Design and Implementation of a Control Strategy for a Dynamic Organic Rankine Cycle‐Based Power System in the Context of Industrial Waste Heat Recovery

Abstract

Transient thermal waste heat sources, such as solar energy, industrial waste heat, and ship exhaust heat, pose significant challenges in terms of their reuse in other processes. Therefore, ensuring the safe and efficient design and operation of the organic Rankine cycle (ORC) system for these heat sources is imperative. Comprehending the ORC system's dynamic characteristics is necessary to formulate suitable control strategies. This article undertakes a comprehensive review of previous studies on dynamic modeling and control of the ORC system and discusses the prevalent dynamic modeling methodologies, the challenges frequently encountered in dynamic simulations, and a range of control strategies. This article comprehensively analyzes the overall control strategies used by ORC systems. Additionally, the energy conversion systems utilized in ORC are depicted in detail.
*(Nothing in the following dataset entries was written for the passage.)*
lemma set_integrable_lborel_if_continuous:
  fixes F :: "'a::euclidean_space \<Rightarrow> real"
  assumes "continuous_on UNIV F" "S \<in> sets borel" "F absolutely_integrable_on S"
  shows "set_integrable lborel S F"
proof -
  have "(\<lambda>x. indicator S x *\<^sub>R F x) \<in> borel_measurable lborel"
    using borel_measurable_continuous_onI[OF assms(1)] assms(2) by measurable
  then show ?thesis
    using assms(3) integrable_completion unfolding set_integrable_def by blast
qed

text \<open>The sum inside the norm equals \<open>- \<integral>\<^sub>0\<^sup>\<infinity> (\<Sum>\<^sub>k b\<^sub>k exp (- r\<^sub>k s)) f(t + s) ds\<close>.\<close>

lemma exp_weighted_tail_bound:
  fixes g :: "'i \<Rightarrow> real \<Rightarrow> 'a::complex_normed_vector"
  assumes deriv: "\<And>k s. k \<in> J \<Longrightarrow> (g k has_vector_derivative exp (- r k * complex_of_real s) *\<^sub>C f s) (at s)"
    and lim: "\<And>k. k \<in> J \<Longrightarrow> (g k \<longlongrightarrow> C k) at_top"
    and f: "\<And>s. norm (f s) \<le> \<epsilon>"
    and w: "(\<lambda>s. cmod (\<Sum>k\<in>J. b k * exp (- r k * complex_of_real s))) integrable_on {0..}"
  shows "norm (\<Sum>k\<in>J. (b k * exp (r k * complex_of_real t)) *\<^sub>C (g k t - C k))
           \<le> \<epsilon> * integral {0..} (\<lambda>s. cmod (\<Sum>k\<in>J. b k * exp (- r k * complex_of_real s)))"
proof -
  define A where "A s = (\<Sum>k\<in>J. b k * exp (- r k * complex_of_real s))" for s
  define \<Phi> where "\<Phi> T = (\<Sum>k\<in>J. (b k * exp (r k * complex_of_real t)) *\<^sub>C g k (t + T))" for T
  define \<Phi>_lim where "\<Phi>_lim = (\<Sum>k\<in>J. (b k * exp (r k * complex_of_real t)) *\<^sub>C C k)"
  have cont_A: "continuous_on S A" for S
    unfolding A_def by (intro continuous_intros)
  have \<Phi>': "(\<Phi> has_vector_derivative A s *\<^sub>C f (t + s)) (at s)" for s
  proof -
    have "((\<lambda>T. g k (t + T)) has_vector_derivative exp (- r k * complex_of_real (t + s)) *\<^sub>C f (t + s)) (at s)"
      if "k \<in> J" for k
      using vector_diff_chain_at[OF has_vector_derivative_add[OF has_vector_derivative_const has_vector_derivative_id]
          deriv[OF that]]
      by (simp add: o_def)
    then have "(\<Phi> has_vector_derivative
        (\<Sum>k\<in>J. (b k * exp (r k * complex_of_real t)) *\<^sub>C (exp (- r k * complex_of_real (t + s)) *\<^sub>C f (t + s)))) (at s)"
      unfolding \<Phi>_def by (intro has_vector_derivative_sum has_vector_derivative_cscale_right)
    moreover have "exp (r k * complex_of_real t) * exp (- r k * complex_of_real (t + s)) = exp (- r k * complex_of_real s)"
      for k
      by (simp add: algebra_simps flip: exp_add)
    ultimately show ?thesis
      by (simp add: A_def cscale_cscale cscale.scale_sum_left mult.assoc)
  qed
  have "(\<Phi> \<longlongrightarrow> \<Phi>_lim) at_top"
    unfolding \<Phi>_def \<Phi>_lim_def
    by (intro tendsto_sum tendsto_cscale_right filterlim_compose[OF lim] filterlim_tendsto_add_at_top[OF tendsto_const filterlim_ident])
  then have "((\<lambda>T. norm (\<Phi> T - \<Phi> 0)) \<longlongrightarrow> norm (\<Phi>_lim - \<Phi> 0)) at_top"
    by (intro tendsto_intros)
  moreover have "norm (\<Phi> T - \<Phi> 0) \<le> \<epsilon> * integral {0..} (\<lambda>s. cmod (A s))" if "T > 0" for T
  proof -
    have "norm (\<Phi> T - \<Phi> 0) \<le> integral {0..T} (\<lambda>s. \<epsilon> * cmod (A s))"
      using that
      by (intro norm_diff_le_integral_of_derivative_bound[OF _ \<Phi>'] continuous_intros cont_A)
        (simp_all add: norm_cscale mult.commute[of "cmod _"] mult_right_mono[OF f])
    also have "\<dots> = \<epsilon> * integral {0..T} (\<lambda>s. cmod (A s))"
      by simp
    also have "\<dots> \<le> \<epsilon> * integral {0..} (\<lambda>s. cmod (A s))"
      using w order.trans[OF norm_ge_zero f]
      by (intro mult_left_mono integral_subset_le integrable_continuous_interval continuous_intros cont_A) (auto simp: A_def)
    finally show ?thesis .
  qed
  then have "eventually (\<lambda>T. norm (\<Phi> T - \<Phi> 0) \<le> \<epsilon> * integral {0..} (\<lambda>s. cmod (A s))) at_top"
    by (rule eventually_mono[OF eventually_gt_at_top[of 0]])
  ultimately have "norm (\<Phi>_lim - \<Phi> 0) \<le> \<epsilon> * integral {0..} (\<lambda>s. cmod (A s))"
    by (rule tendsto_upperbound) simp
  moreover have "\<Phi>_lim - \<Phi> 0 = - (\<Sum>k\<in>J. (b k * exp (r k * complex_of_real t)) *\<^sub>C (g k t - C k))"
    by (simp add: \<Phi>_def \<Phi>_lim_def cscale.scale_right_diff_distrib sum_subtractf)
  ultimately show ?thesis
    by (simp add: A_def)
qed
lemma block_sizes_carve_out_two:
  assumes P: "partition_on I P" "finite I"
    and AB: "A \<in> P" "B \<in> P" "A \<noteq> B" and UV: "U \<subseteq> A" "V \<subseteq> B"
    and S: "S = (A - U) \<union> (B - V)" "S \<noteq> {}"
  shows "block_sizes (carve_out S P) =
    add_mset (card S) (block_sizes (P - {A, B}) + filter_mset (\<lambda>s. s \<noteq> 0) {#card U, card V#})"
proof -
  have "finite P" using finite_elements[OF P(2,1)] .
  have disj: "X \<inter> Y = {}" if "X \<in> P" "Y \<in> P" "X \<noteq> Y" for X Y
    using partition_onD2[OF P(1)] that by (auto simp: disjoint_def)
  have nonzero: "card X \<noteq> 0" if "X \<in> P" for X
  proof -
    have "finite X"
      using that partition_onD1[OF P(1)] P(2) by (metis Union_upper rev_finite_subset)
    moreover have "X \<noteq> {}"
      using that partition_onD3[OF P(1)] by blast
    ultimately show ?thesis by simp
  qed
  have "X - S = X" if "X \<in> P - {A, B}" for X
    using that S(1) disj[of X A] disj[of X B] AB by blast
  then have "image_mset (\<lambda>X. card (X - S)) (mset_set (P - {A, B})) = block_sizes (P - {A, B})"
    unfolding block_sizes_def using \<open>finite P\<close> by (intro image_mset_cong) simp
  moreover have "filter_mset (\<lambda>s. s \<noteq> 0) (block_sizes (P - {A, B})) =
      filter_mset (\<lambda>_. True) (block_sizes (P - {A, B}))"
  proof (rule filter_mset_cong[OF refl])
    fix s assume "s \<in># block_sizes (P - {A, B})"
    then obtain X where "X \<in> P" "s = card X"
      using \<open>finite P\<close> by (auto simp: block_sizes_def)
    then show "s \<noteq> 0 \<longleftrightarrow> True" using nonzero by simp
  qed
  moreover have "A - S = U" "B - S = V"
    using UV S(1) disj[OF AB] by auto
  moreover have "mset_set P = add_mset A (add_mset B (mset_set (P - {A, B})))"
  proof -
    have "mset_set P = add_mset A (mset_set (P - {A}))"
      using \<open>finite P\<close> AB(1) by (rule mset_set.remove)
    moreover have "mset_set (P - {A}) = add_mset B (mset_set (P - {A} - {B}))"
      using \<open>finite P\<close> AB by (intro mset_set.remove) auto
    moreover have "P - {A} - {B} = P - {A, B}" by blast
    ultimately show ?thesis by simp
  qed
  ultimately show ?thesis
    using block_sizes_carve_out[OF P S(2)] by (simp add: add_mset_commute)
qed
lemma foldr_red_cons_red: "cancel_free z \<Longrightarrow> foldr red_cons (red u) z = foldr red_cons u z"
  by (induction u) (simp_all add: red_Cons foldr_red_cons_red_cons cancel_free_red)

lemma red_red_append_left: "red (red u @ v) = red (u @ v)"
  by (simp add: red_append foldr_red_cons_red cancel_free_red)

lemma red_red_append_right: "red (u @ red v) = red (u @ v)"
  by (simp add: red_append red_cancel_free cancel_free_red)

lemma red_assoc: "red (red (u @ v) @ w) = red (u @ red (v @ w))"
  by (simp add: red_red_append_left red_red_append_right)

lemma cancel_free_replicate: "cancel_free (replicate n a)"
proof (induction n)
  case (Suc n)
  then show ?case by (cases n) (auto simp: inverse_letters_def)
qed simp

section \<open>Noncommutative power series and Magnus coefficients\<close>

text \<open>Functions \<open>bool list \<Rightarrow> 'k\<close> are noncommutative power series in \<open>e\<^sub>0\<close> (\<open>False\<close>)
  and \<open>e\<^sub>1\<close> (\<open>True\<close>), multiplied by \<open>series_mult\<close>.\<close>

definition series_mult :: "(bool list \<Rightarrow> 'k::comm_ring_1) \<Rightarrow> (bool list \<Rightarrow> 'k) \<Rightarrow> bool list \<Rightarrow> 'k" where
  "series_mult F G w = (\<Sum>i\<le>length w. F (take i w) * G (drop i w))"

definition word_series :: "bool list \<Rightarrow> bool list \<Rightarrow> 'k::comm_ring_1" where
  "word_series u v = (if v = u then 1 else 0)"

lemma series_mult_Nil [simp]: "series_mult F G [] = F [] * G []"
  by (simp add: series_mult_def)

lemma series_mult_assoc: "series_mult (series_mult F G) H = series_mult F (series_mult G H)"
proof
  fix w :: "bool list"
  let ?n = "length w"
  have "series_mult (series_mult F G) H w =
      (\<Sum>k\<le>?n. \<Sum>j\<le>k. F (take j w) * G (take (k - j) (drop j w)) * H (drop k w))"
    unfolding series_mult_def
    by (auto simp: sum_distrib_right min_def take_take drop_take intro!: sum.cong)
  also have "\<dots> = (\<Sum>(j, l)\<in>{(j, l). j + l \<le> ?n}. F (take j w) * G (take l (drop j w)) * H (drop (j + l) w))"
    by (subst sum.triangle_reindex_eq) (auto intro!: sum.cong)
  also have "{(j, l). j + l \<le> ?n} = Sigma {..?n} (\<lambda>j. {..?n - j})"
    by auto
  also have "(\<Sum>(j, l)\<in>Sigma {..?n} (\<lambda>j. {..?n - j}). F (take j w) * G (take l (drop j w)) * H (drop (j + l) w))
      = series_mult F (series_mult G H) w"
    unfolding series_mult_def
    by (subst sum.Sigma[symmetric]) (auto simp: sum_distrib_left mult.assoc add.commute intro!: sum.cong)
  finally show "series_mult (series_mult F G) H w = series_mult F (series_mult G H) w" .
qed

lemma series_mult_Cons_short_left:
  assumes "\<And>v. 2 \<le> length v \<Longrightarrow> F v = 0"
  shows "series_mult F G (c # w) = F [] * G (c # w) + F [c] * G w"
proof -
  have "series_mult F G (c # w) = (\<Sum>i\<le>length (c # w).
      (if i = 0 then F [] * G (c # w) else 0) + (if i = 1 then F [c] * G w else 0))"
    unfolding series_mult_def
  proof (intro sum.cong refl)
    fix i assume i: "i \<in> {..length (c # w)}"
    consider "i = 0" | "i = 1" | "2 \<le> i"
      by linarith
    then show "F (take i (c # w)) * G (drop i (c # w)) =
        (if i = 0 then F [] * G (c # w) else 0) + (if i = 1 then F [c] * G w else 0)"
      by cases (use i in \<open>auto simp: assms\<close>)
  qed
  then show ?thesis
    by (simp add: sum.distrib Suc_le_eq)
qed

lemma series_mult_snoc_short_right:
  assumes "\<And>v. 2 \<le> length v \<Longrightarrow> G v = 0"
  shows "series_mult F G (w @ [c]) = F (w @ [c]) * G [] + F w * G [c]"
proof -
  have "series_mult F G (w @ [c]) = (\<Sum>i\<le>Suc (length w).
      (if i = Suc (length w) then F (w @ [c]) * G [] else 0) + (if i = length w then F w * G [c] else 0))"
    unfolding series_mult_def
    by (intro sum.cong refl) (auto simp: assms)
  then show ?thesis
    by (simp add: sum.distrib)
qed

lemma word_series_short: "length u \<le> 1 \<Longrightarrow> 2 \<le> length v \<Longrightarrow> word_series u v = 0"
  by (auto simp: word_series_def)

lemma series_mult_one_left [simp]: "series_mult (word_series []) F = F"
proof
  fix w show "series_mult (word_series []) F w = F w"
    by (cases w) (simp_all add: series_mult_Cons_short_left word_series_short, simp_all add: word_series_def)
qed

lemma series_mult_one_right [simp]: "series_mult F (word_series []) = F"
proof
  fix w show "series_mult F (word_series []) w = F w"
    by (cases w rule: rev_cases)
       (simp_all add: series_mult_snoc_short_right word_series_short, simp_all add: word_series_def)
qed

lemma series_mult_letter_right:
  "series_mult F (word_series [i]) w = (if w \<noteq> [] \<and> last w = i then F (butlast w) else 0)"
  by (cases w rule: rev_cases)
     (simp_all add: series_mult_snoc_short_right word_series_short, simp_all add: word_series_def)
Furthermore, using model predictive control in a simulation study allows for investigating various components’ disturbance and dynamic characteristics within the ORC system. These components include the expander, pump, condenser, and evaporator using setpoint tracking. Ultimately, this analysis aims to optimize the performance of the ORC cycle. The findings indicate that the utilization of superheating in the working fluid is the most effective method for achieving maximum power generation in an ORC system.